# Text matching

Now I will write functions to [fuzzy match](https://www.datacamp.com/community/tutorials/fuzzy-string-python) titles grabbed using OCR to cleaned up titles from the dataset.

In [1]:
# text matching
import Levenshtein as lev
import fuzzywuzzy as fuzz
from fuzzywuzzy import fuzz


In [2]:
scraped_titles = ['gg ll  ns bill wi ea aimle',
 'drow diaz junot',
 'rule evle hl  history o world gombrich zoe the',
 'immortality milan kundera i',
 'great gatcrby itzgeral d the',
 'narcissus an d goldmund hermann he  hesse fsg fall',
 'lhe albert camus']

target_corpus = ['billy collins aimless love',
        'junot diaz drown',
         'gombrich a little history of the world',
         'milan kundera immortality',
         'f scott fitzgerald the great gatsby',
         'hermann hesse narcissus and goldmund',
         'the fall albert camus']

In [3]:
# testing fuzzy matching on scraped titles vs manually entered actual book titles

match_dict = {}

for i, Str1 in enumerate(scraped_titles):
    match_dict[Str1] = []
    for id, Str2 in enumerate(target_corpus):
        Ratio = fuzz.ratio(Str1.lower(),Str2.lower())
        #print('Ratio: ', Str1, Str2, Ratio)

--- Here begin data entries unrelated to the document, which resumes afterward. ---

(* Consider MDVI$(\alpha,K,M)$ with any $\alpha\in[0,1)$ and positive integers $K,M$ on an MDP as in the context. Then, for every realization of the samples and every $k\in\{1,\dots,K\}$, $\|v_{k-1}\|_\infty\le H$.
   Context: MDP: finite state set $\mathcal{X}$, finite action set $\mathcal{A}$, discount $\gamma\in[0,1)$, reward $r\in[-1,1]^{\mathcal{X}\times\mathcal{A}}$, transition kernel $P(y|x,a)$, $H=1/(1-\gamma)$. MDVI$(\alpha,K,M)$: $s_0 = 0$, $w_0=w_{-1}=0$; for $k=0,\dots,K-1$: $v_k = w_k-\alpha w_{k-1}$; for each $(x,a)$, independent samples $y_{k,m,x,a}\sim P(\cdot|x,a)$, $m\in[M]$; $q_{k+1}(x,a) = r(x,a)+\frac{\gamma}{M}\sum_m v_k(y_{k,m,x,a})$; $s_{k+1}=q_{k+1}+\alpha s_k$; $w_{k+1}(x)=\max_a s_{k+1}(x,a)$. *)

theory Defs
  imports Complex_Main
begin

text \<open>Reward r x a, samples y k m x a (the m-th next-state sample, m < M, drawn at
  iteration k for the pair (x,a)). The recursion state at step k is the pair
  (s_k, w_{k-1}).\<close>

primrec mdvi_st ::
  "real \<Rightarrow> real \<Rightarrow> nat \<Rightarrow> ('x \<Rightarrow> 'a::finite \<Rightarrow> real)
   \<Rightarrow> (nat \<Rightarrow> nat \<Rightarrow> 'x \<Rightarrow> 'a \<Rightarrow> 'x) \<Rightarrow> nat
   \<Rightarrow> ('x \<Rightarrow> 'a \<Rightarrow> real) \<times> ('x \<Rightarrow> real)" where
  "mdvi_st \<gamma> \<alpha> M r y 0 = ((\<lambda>x a. 0), (\<lambda>x. 0))"
| "mdvi_st \<gamma> \<alpha> M r y (Suc k) =
     (let sk = fst (mdvi_st \<gamma> \<alpha> M r y k);
          wprev = snd (mdvi_st \<gamma> \<alpha> M r y k);
          wk = (\<lambda>x. Max (range (sk x)));
          vk = (\<lambda>x. wk x - \<alpha> * wprev x)
      in ((\<lambda>x a. r x a + \<gamma> / real M * (\<Sum>m<M. vk (y k m x a)) + \<alpha> * sk x a), wk))"

definition mdvi_s where
  "mdvi_s \<gamma> \<alpha> M r y k = fst (mdvi_st \<gamma> \<alpha> M r y k)"

definition mdvi_w where
  "mdvi_w \<gamma> \<alpha> M r y k x = Max (range (mdvi_s \<gamma> \<alpha> M r y k x))"

definition mdvi_v where
  "mdvi_v \<gamma> \<alpha> M r y k x =
     mdvi_w \<gamma> \<alpha> M r y k x - \<alpha> * snd (mdvi_st \<gamma> \<alpha> M r y k) x"

definition sup_norm :: "('x::finite \<Rightarrow> real) \<Rightarrow> real" where
  "sup_norm f = Max (range (\<lambda>x. \<bar>f x\<bar>))"

end

theory Submission
  imports Defs
begin

text \<open>Write s(k+1) = q(k+1) + \<alpha> s(k). Then v(k+1) = max_a (q(k+1) + \<alpha> s(k)) - max_a (\<alpha> s(k)),
  and adding q(k+1) to the argument of a maximum moves it by at most the sup norm of q(k+1).
  As q(k+1) is a reward bounded by 1 plus \<gamma> times an empirical mean of v(k), the bound
  H on the sup norm of v(k) propagates by induction, because 1 + \<gamma> H = H.\<close>

lemma abs_Max_add_diff_le:
  fixes q s :: "'a \<Rightarrow> 'b::{linorder, ordered_ab_group_add_abs}"
  assumes "finite A" "A \<noteq> {}" "\<And>a. a \<in> A \<Longrightarrow> \<bar>q a\<bar> \<le> B"
  shows "\<bar>Max ((\<lambda>a. q a + s a) ` A) - Max (s ` A)\<bar> \<le> B"
proof -
  have "Max ((\<lambda>a. q a + s a) ` A) \<in> (\<lambda>a. q a + s a) ` A" "Max (s ` A) \<in> s ` A"
    using assms(1,2) by (simp_all add: Max_in)
  then obtain a1 a2 where a1: "a1 \<in> A" "Max ((\<lambda>a. q a + s a) ` A) = q a1 + s a1"
    and a2: "a2 \<in> A" "Max (s ` A) = s a2"
    by blast
  have "s a1 \<le> Max (s ` A)" "q a2 + s a2 \<le> Max ((\<lambda>a. q a + s a) ` A)"
    using a1(1) a2(1) assms(1) by simp_all
  then have "Max ((\<lambda>a. q a + s a) ` A) - Max (s ` A) \<le> q a1"
    and "q a2 \<le> Max ((\<lambda>a. q a + s a) ` A) - Max (s ` A)"
    using a1(2) a2(2) by (simp_all add: diff_le_eq le_diff_eq add_left_mono)
  moreover have "q a1 \<le> B" "- B \<le> q a2"
    using a1(1) a2(1) assms(3) abs_le_iff minus_le_iff by blast+
  ultimately have "Max ((\<lambda>a. q a + s a) ` A) - Max (s ` A) \<le> B"
    and "- B \<le> Max ((\<lambda>a. q a + s a) ` A) - Max (s ` A)"
    by (meson order_trans)+
  then show ?thesis
    using abs_leI minus_le_iff by blast
qed

lemma Max_image_mult_left:
  fixes f :: "'a \<Rightarrow> 'b::linordered_semiring"
  assumes "0 \<le> c" "finite A" "A \<noteq> {}"
  shows "Max ((\<lambda>a. c * f a) ` A) = c * Max (f ` A)"
proof -
  have "mono ((*) c)"
    using assms(1) by (simp add: monoI mult_left_mono)
  then show ?thesis
    using assms(2,3) by (simp add: mono_Max_commute image_image)
qed

lemma abs_scaled_mean_le:
  fixes f :: "nat \<Rightarrow> real"
  assumes "0 \<le> \<gamma>" "0 < M" "\<And>m. m < M \<Longrightarrow> \<bar>f m\<bar> \<le> B"
  shows "\<bar>\<gamma> / real M * (\<Sum>m<M. f m)\<bar> \<le> \<gamma> * B"
proof -
  have "\<bar>\<Sum>m<M. f m\<bar> \<le> (\<Sum>m<M. \<bar>f m\<bar>)"
    by (rule sum_abs)
  also have "\<dots> \<le> real M * B"
    using sum_bounded_above[of "{..<M}" "\<lambda>m. \<bar>f m\<bar>" B] assms(3) by simp
  finally have "\<gamma> / real M * \<bar>\<Sum>m<M. f m\<bar> \<le> \<gamma> / real M * (real M * B)"
    using assms(1) by (intro mult_left_mono) simp_all
  then show ?thesis
    using assms(1,2) by (simp add: abs_mult)
qed

lemma sup_norm_le:
  fixes f :: "'x::finite \<Rightarrow> real"
  assumes "\<And>x. \<bar>f x\<bar> \<le> B"
  shows "sup_norm f \<le> B"
  unfolding sup_norm_def using assms by (intro Max.boundedI) auto

lemma mdvi_v_0: "mdvi_v \<gamma> \<alpha> M r y 0 x = 0"
  by (simp add: mdvi_v_def mdvi_w_def mdvi_s_def)

lemma mdvi_s_Suc:
  "mdvi_s \<gamma> \<alpha> M r y (Suc k) x a =
     r x a + \<gamma> / real M * (\<Sum>m<M. mdvi_v \<gamma> \<alpha> M r y k (y k m x a)) + \<alpha> * mdvi_s \<gamma> \<alpha> M r y k x a"
  by (simp add: mdvi_s_def mdvi_v_def mdvi_w_def Let_def)

lemma mdvi_v_Suc:
  "mdvi_v \<gamma> \<alpha> M r y (Suc k) x = mdvi_w \<gamma> \<alpha> M r y (Suc k) x - \<alpha> * mdvi_w \<gamma> \<alpha> M r y k x"
  by (simp add: mdvi_v_def mdvi_w_def mdvi_s_def Let_def)

lemma abs_mdvi_v_le:
  fixes r :: "'x \<Rightarrow> 'a::finite \<Rightarrow> real"
  assumes "0 \<le> \<gamma>" "\<gamma> < 1" "\<And>x a. \<bar>r x a\<bar> \<le> 1" "0 \<le> \<alpha>" "0 < M"
  shows "\<bar>mdvi_v \<gamma> \<alpha> M r y k x\<bar> \<le> 1 / (1 - \<gamma>)"
proof (induction k arbitrary: x)
  case 0
  then show ?case
    using assms(2) by (simp add: mdvi_v_0)
next
  case (Suc k)
  define H where "H = 1 / (1 - \<gamma>)"
  define s where "s = mdvi_s \<gamma> \<alpha> M r y k x"
  define q where "q a = r x a + \<gamma> / real M * (\<Sum>m<M. mdvi_v \<gamma> \<alpha> M r y k (y k m x a))" for a
  have "\<bar>q a\<bar> \<le> 1 + \<gamma> * H" for a
  proof -
    have "\<bar>\<gamma> / real M * (\<Sum>m<M. mdvi_v \<gamma> \<alpha> M r y k (y k m x a))\<bar> \<le> \<gamma> * H"
      using Suc.IH assms(1,5) unfolding H_def by (intro abs_scaled_mean_le)
    then show ?thesis
      using assms(3)[of x a] unfolding q_def by linarith
  qed
  moreover have "1 + \<gamma> * H = H"
    using assms(2) unfolding H_def by (simp add: field_simps)
  moreover have "mdvi_v \<gamma> \<alpha> M r y (Suc k) x =
      Max (range (\<lambda>a. q a + \<alpha> * s a)) - Max (range (\<lambda>a. \<alpha> * s a))"
    using assms(4) by (simp add: mdvi_v_Suc mdvi_w_def mdvi_s_Suc q_def s_def Max_image_mult_left)
  ultimately show ?case
    unfolding H_def[symmetric] by (simp add: abs_Max_add_diff_le)
qed

theorem lemma24:
  fixes P :: "'x::finite \<Rightarrow> 'x \<Rightarrow> 'a::finite \<Rightarrow> real"
    and r :: "'x \<Rightarrow> 'a \<Rightarrow> real"
    and y :: "nat \<Rightarrow> nat \<Rightarrow> 'x \<Rightarrow> 'a \<Rightarrow> 'x"
    and \<gamma> \<alpha> :: real and K M k :: nat
  assumes "0 \<le> \<gamma>" "\<gamma> < 1"
    and "\<And>x a. \<bar>r x a\<bar> \<le> 1"
    and "\<And>z x a. 0 \<le> P z x a" "\<And>x a. (\<Sum>z\<in>UNIV. P z x a) = 1"
    and "0 \<le> \<alpha>" "\<alpha> < 1" "0 < K" "0 < M"
    and "\<And>j m x a. 0 < P (y j m x a) x a"
    and "1 \<le> k" "k \<le> K"
  shows "sup_norm (mdvi_v \<gamma> \<alpha> M r y (k - 1)) \<le> 1 / (1 - \<gamma>)"
  using abs_mdvi_v_le[OF assms(1-3,6,9)] by (rule sup_norm_le)

end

        Partial_Ratio = fuzz.partial_ratio(Str1.lower(),Str2.lower())
        #print('Partial Ratio: ', Str1, Str2, Partial_Ratio)

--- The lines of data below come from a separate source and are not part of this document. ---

(* The space $\mathcal O_2$ is homotopy equivalent to the circle $S^1$.
   Context: A polynomial knot is a map $\phi:\mathbb R\to\mathbb R^3$ with real polynomial components which is a smooth embedding ($\phi$ injective and $\phi'(t)\neq0$ for all $t$). $\mathcal A_2$ is the set of polynomial maps $t\mapsto(a_0,\ b_0+b_1t,\ c_0+c_1t+c_2t^2)$ with $(a_0,b_0,b_1,c_0,c_1,c_2)\in\mathbb R^6$ arbitrary, topologized by identifying it with $\mathbb R^6$ via its coefficient vector. $\mathcal O_2$ is the subspace of $\mathcal A_2$ consisting of polynomial knots. *)

theory Defs
  imports "HOL-Analysis.Analysis" "HOL-Computational_Algebra.Polynomial"
begin

definition polynomial_knot :: "(real \<Rightarrow> real \<times> real \<times> real) \<Rightarrow> bool" where
  "polynomial_knot \<phi> \<longleftrightarrow>
     (\<exists>p q r :: real poly. \<phi> = (\<lambda>t. (poly p t, poly q t, poly r t))) \<and>
     inj \<phi> \<and>
     (\<forall>t. \<exists>v. (\<phi> has_vector_derivative v) (at t) \<and> v \<noteq> 0)"

definition A2_map :: "real \<times> real \<times> real \<times> real \<times> real \<times> real \<Rightarrow> real \<Rightarrow> real \<times> real \<times> real" where
  "A2_map = (\<lambda>(a0, b0, b1, c0, c1, c2) t. (a0, b0 + b1 * t, c0 + c1 * t + c2 * t^2))"

definition O2 :: "(real \<times> real \<times> real \<times> real \<times> real \<times> real) set" where
  "O2 = {x. polynomial_knot (A2_map x)}"

end

theory Submission
  imports Defs
begin

text \<open>A map in \<open>\<A>\<^sub>2\<close> is injective exactly when its linear second component is nonconstant
  or its third component is a nonconstant linear function, and it is then automatically an
  immersion. So \<open>\<O>\<^sub>2\<close> is cut out by \<open>b\<^sub>1 \<noteq> 0 \<or> (c\<^sub>2 = 0 \<and> c\<^sub>1 \<noteq> 0)\<close>. The straight lines
  \<open>t \<mapsto> (0, t Re z, t Im z)\<close> with \<open>|z| = 1\<close> form a circle in \<open>\<O>\<^sub>2\<close>, and the straight-line
  homotopy from a knot to the line in the direction \<open>(b\<^sub>1, c\<^sub>1)\<close> only rescales its coefficients,
  the linear ones by positive factors, so it stays inside \<open>\<O>\<^sub>2\<close>.\<close>

lemma homotopy_eqv_by_straight_line_deformation:
  fixes S :: "'a::real_normed_vector set" and T :: "'b::real_normed_vector set"
  assumes r: "continuous_on S r" "r ` S \<subseteq> T"
    and s: "continuous_on T s" "s ` T \<subseteq> S"
    and r_s: "\<And>y. y \<in> T \<Longrightarrow> r (s y) = y"
    and segment: "\<And>x. x \<in> S \<Longrightarrow> closed_segment (s (r x)) x \<subseteq> S"
  shows "S homotopy_eqv T"
proof (rule deformation_retraction_imp_homotopy_equivalent_space)
  show "retraction_maps (top_of_set S) (top_of_set T) r s"
    using r s r_s by (auto simp: retraction_maps_def continuous_map_subtopology_eu)
  have "continuous_on S (s \<circ> r)"
    using r s by (meson continuous_on_compose continuous_on_subset)
  then show "homotopic_with (\<lambda>x. True) (top_of_set S) (top_of_set S) (s \<circ> r) id"
    using segment by (intro homotopic_with_linear) auto
qed

lemma inj_quadratic_iff:
  "inj (\<lambda>t::real. c0 + c1 * t + c2 * t^2) \<longleftrightarrow> c2 = 0 \<and> c1 \<noteq> 0"
proof
  assume inj: "inj (\<lambda>t::real. c0 + c1 * t + c2 * t^2)"
  show "c2 = 0 \<and> c1 \<noteq> 0"
  proof (rule ccontr)
    assume "\<not> (c2 = 0 \<and> c1 \<noteq> 0)"
    then consider "c2 = 0" "c1 = 0" | "c2 \<noteq> 0" by blast
    then show False
    proof cases
      case 1
      then show False using injD[OF inj, of 0 1] by simp
    next
      case 2
      \<comment> \<open>a parabola takes equal values at points symmetric about its vertex\<close>
      define v where "v = -c1 / (2 * c2)"
      have "c0 + c1 * (v + 1) + c2 * (v + 1)^2 = c0 + c1 * (v - 1) + c2 * (v - 1)^2"
        using 2 by (simp add: v_def field_simps power2_eq_square)
      then have "v + 1 = v - 1" by (rule injD[OF inj])
      then show False by simp
    qed
  qed
next
  assume "c2 = 0 \<and> c1 \<noteq> 0"
  then show "inj (\<lambda>t::real. c0 + c1 * t + c2 * t^2)"
    by (simp add: inj_def)
qed

lemma A2_map_has_vector_derivative:
  "(A2_map (a0, b0, b1, c0, c1, c2) has_vector_derivative (0, b1, c1 + 2 * c2 * t)) (at t)"
  unfolding A2_map_def
  by (auto intro!: has_vector_derivative_Pair derivative_eq_intros
      simp: has_real_derivative_iff_has_vector_derivative[symmetric])

lemma A2_map_polynomial:
  "A2_map (a0, b0, b1, c0, c1, c2) = (\<lambda>t. (poly [:a0:] t, poly [:b0, b1:] t, poly [:c0, c1, c2:] t))"
  by (auto simp: A2_map_def power2_eq_square algebra_simps)

lemma O2_iff: "(a0, b0, b1, c0, c1, c2) \<in> O2 \<longleftrightarrow> b1 \<noteq> 0 \<or> (c2 = 0 \<and> c1 \<noteq> 0)"
proof -
  have inj_iff: "inj (A2_map (a0, b0, b1, c0, c1, c2)) \<longleftrightarrow>
      b1 \<noteq> 0 \<or> inj (\<lambda>t::real. c0 + c1 * t + c2 * t^2)"
    by (auto simp: A2_map_def inj_def)
  have "(0, b1, c1 + 2 * c2 * t) \<noteq> (0::real \<times> real \<times> real)" if "b1 \<noteq> 0 \<or> (c2 = 0 \<and> c1 \<noteq> 0)" for t
    using that by (auto simp: zero_prod_def)
  then show ?thesis
    unfolding O2_def mem_Collect_eq polynomial_knot_def inj_iff inj_quadratic_iff
    using A2_map_polynomial A2_map_has_vector_derivative by blast
qed

definition linear_coeffs :: "real \<times> real \<times> real \<times> real \<times> real \<times> real \<Rightarrow> complex" where
  "linear_coeffs x = Complex (fst (snd (snd x))) (fst (snd (snd (snd (snd x)))))"

lemma linear_coeffs [simp]: "linear_coeffs (a0, b0, b1, c0, c1, c2) = Complex b1 c1"
  by (simp add: linear_coeffs_def)

lemma continuous_on_linear_coeffs: "continuous_on S linear_coeffs"
  unfolding linear_coeffs_def by (intro continuous_intros)

lemma linear_coeffs_nonzero_if_O2: "x \<in> O2 \<Longrightarrow> linear_coeffs x \<noteq> 0"
  by (cases x) (auto simp: O2_iff complex_eq_iff)

definition line_coeffs :: "complex \<Rightarrow> real \<times> real \<times> real \<times> real \<times> real \<times> real" where
  "line_coeffs z = (0, 0, Re z, 0, Im z, 0)"

lemma continuous_on_line_coeffs: "continuous_on S line_coeffs"
  unfolding line_coeffs_def by (intro continuous_intros)

lemma line_coeffs_in_O2: "z \<noteq> 0 \<Longrightarrow> line_coeffs z \<in> O2"
  by (auto simp: line_coeffs_def O2_iff complex_eq_iff)

lemma linear_coeffs_line_coeffs [simp]: "linear_coeffs (line_coeffs z) = z"
  by (simp add: line_coeffs_def)

lemma O2_scale:
  assumes "(a0, b0, b1, c0, c1, c2) \<in> O2" "k > 0"
  shows "(u * a0, u * b0, k * b1, u * c0, k * c1, u * c2) \<in> O2"
  using assms by (auto simp: O2_iff)

lemma closed_segment_line_coeffs_sgn_subset_O2:
  assumes x: "x \<in> O2"
  shows "closed_segment (line_coeffs (sgn (linear_coeffs x))) x \<subseteq> O2"
proof
  fix y assume "y \<in> closed_segment (line_coeffs (sgn (linear_coeffs x))) x"
  then obtain u where u: "0 \<le> u" "u \<le> 1"
    and y: "y = (1 - u) *\<^sub>R line_coeffs (sgn (linear_coeffs x)) + u *\<^sub>R x"
    unfolding closed_segment_def by auto
  obtain a0 b0 b1 c0 c1 c2 where x_eq: "x = (a0, b0, b1, c0, c1, c2)"
    by (cases x) auto
  define n where "n = norm (linear_coeffs x)"
  have "n > 0"
    using linear_coeffs_nonzero_if_O2[OF x] by (simp add: n_def)
  then have "(1 - u) / n + u > 0"
    using u by (cases "u = 0") (auto intro: add_nonneg_pos add_pos_nonneg)
  moreover have "y = (u * a0, u * b0, ((1 - u) / n + u) * b1, u * c0, ((1 - u) / n + u) * c1, u * c2)"
    by (simp add: y x_eq n_def line_coeffs_def sgn_div_norm field_simps)
  ultimately show "y \<in> O2"
    using O2_scale x x_eq by simp
qed

theorem mainTheorem3:
  shows "O2 homotopy_eqv sphere (0::complex) 1"
proof (rule homotopy_eqv_by_straight_line_deformation)
  show "continuous_on O2 (sgn \<circ> linear_coeffs)"
    using linear_coeffs_nonzero_if_O2 by (intro continuous_intros continuous_on_linear_coeffs) auto
  show "(sgn \<circ> linear_coeffs) ` O2 \<subseteq> sphere 0 1"
    using linear_coeffs_nonzero_if_O2 by (auto simp: norm_sgn)
  show "line_coeffs ` sphere 0 1 \<subseteq> O2"
    by (intro image_subsetI line_coeffs_in_O2) auto
  show "continuous_on (sphere 0 1) line_coeffs"
    by (rule continuous_on_line_coeffs)
  show "(sgn \<circ> linear_coeffs) (line_coeffs z) = z" if "z \<in> sphere 0 1" for z
    using that by (simp add: sgn_div_norm)
  show "closed_segment (line_coeffs ((sgn \<circ> linear_coeffs) x)) x \<subseteq> O2" if "x \<in> O2" for x
    using closed_segment_line_coeffs_sgn_subset_O2[OF that] by simp
qed

end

        Token_Sort_Ratio = fuzz.token_sort_ratio(Str1,Str2)
        #print('Token Sort Ratio: ', Str1, Str2, Token_Sort_Ratio)

        Token_Set_Ratio = fuzz.token_set_ratio(Str1,Str2)
        #print('Token Set Ratio: ', Str1, Str2, Token_Set_Ratio)
        
        match_dict[Str1].append({id: (Ratio, Partial_Ratio, Token_Sort_Ratio, Token_Set_Ratio)})


In [4]:
match_dict

{'gg ll  ns bill wi ea aimle': [{0: (46, 46, 63, 63)},
  {1: (24, 31, 24, 24)},
  {2: (34, 35, 35, 35)},
  {3: (35, 36, 40, 40)},
  {4: (36, 35, 33, 33)},
  {5: (26, 31, 33, 33)},
  {6: (38, 39, 39, 39)}],
 'drow diaz junot': [{0: (24, 27, 24, 24)},
  {1: (52, 53, 97, 97)},
  {2: (23, 33, 26, 26)},
  {3: (35, 40, 35, 35)},
  {4: (24, 27, 28, 28)},
  {5: (27, 33, 24, 24)},
  {6: (22, 27, 28, 28)}],
 'rule evle hl  history o world gombrich zoe the': [{0: (31, 35, 37, 37)},
  {1: (23, 31, 23, 23)},
  {2: (48, 53, 75, 81)},
  {3: (28, 32, 29, 29)},
  {4: (32, 37, 35, 38)},
  {5: (32, 36, 32, 32)},
  {6: (27, 33, 36, 36)}],
 'immortality milan kundera i': [{0: (34, 35, 34, 34)},
  {1: (37, 38, 33, 33)},
  {2: (34, 37, 37, 37)},
  {3: (58, 75, 96, 100)},
  {4: (35, 41, 35, 35)},
  {5: (32, 34, 35, 35)},
  {6: (33, 33, 29, 29)}],
 'great gatcrby itzgeral d the': [{0: (30, 31, 26, 26)},
  {1: (27, 31, 27, 27)},
  {2: (42, 46, 39, 45)},
  {3: (34, 36, 34, 34)},
  {4: (51, 57, 60, 60)},
  {5: (2

Based off of this test, I will try using token set ratio with a minimum confidence threshold somewhere between 60-80%. I can tweak that more when I am matching to the actual dataset.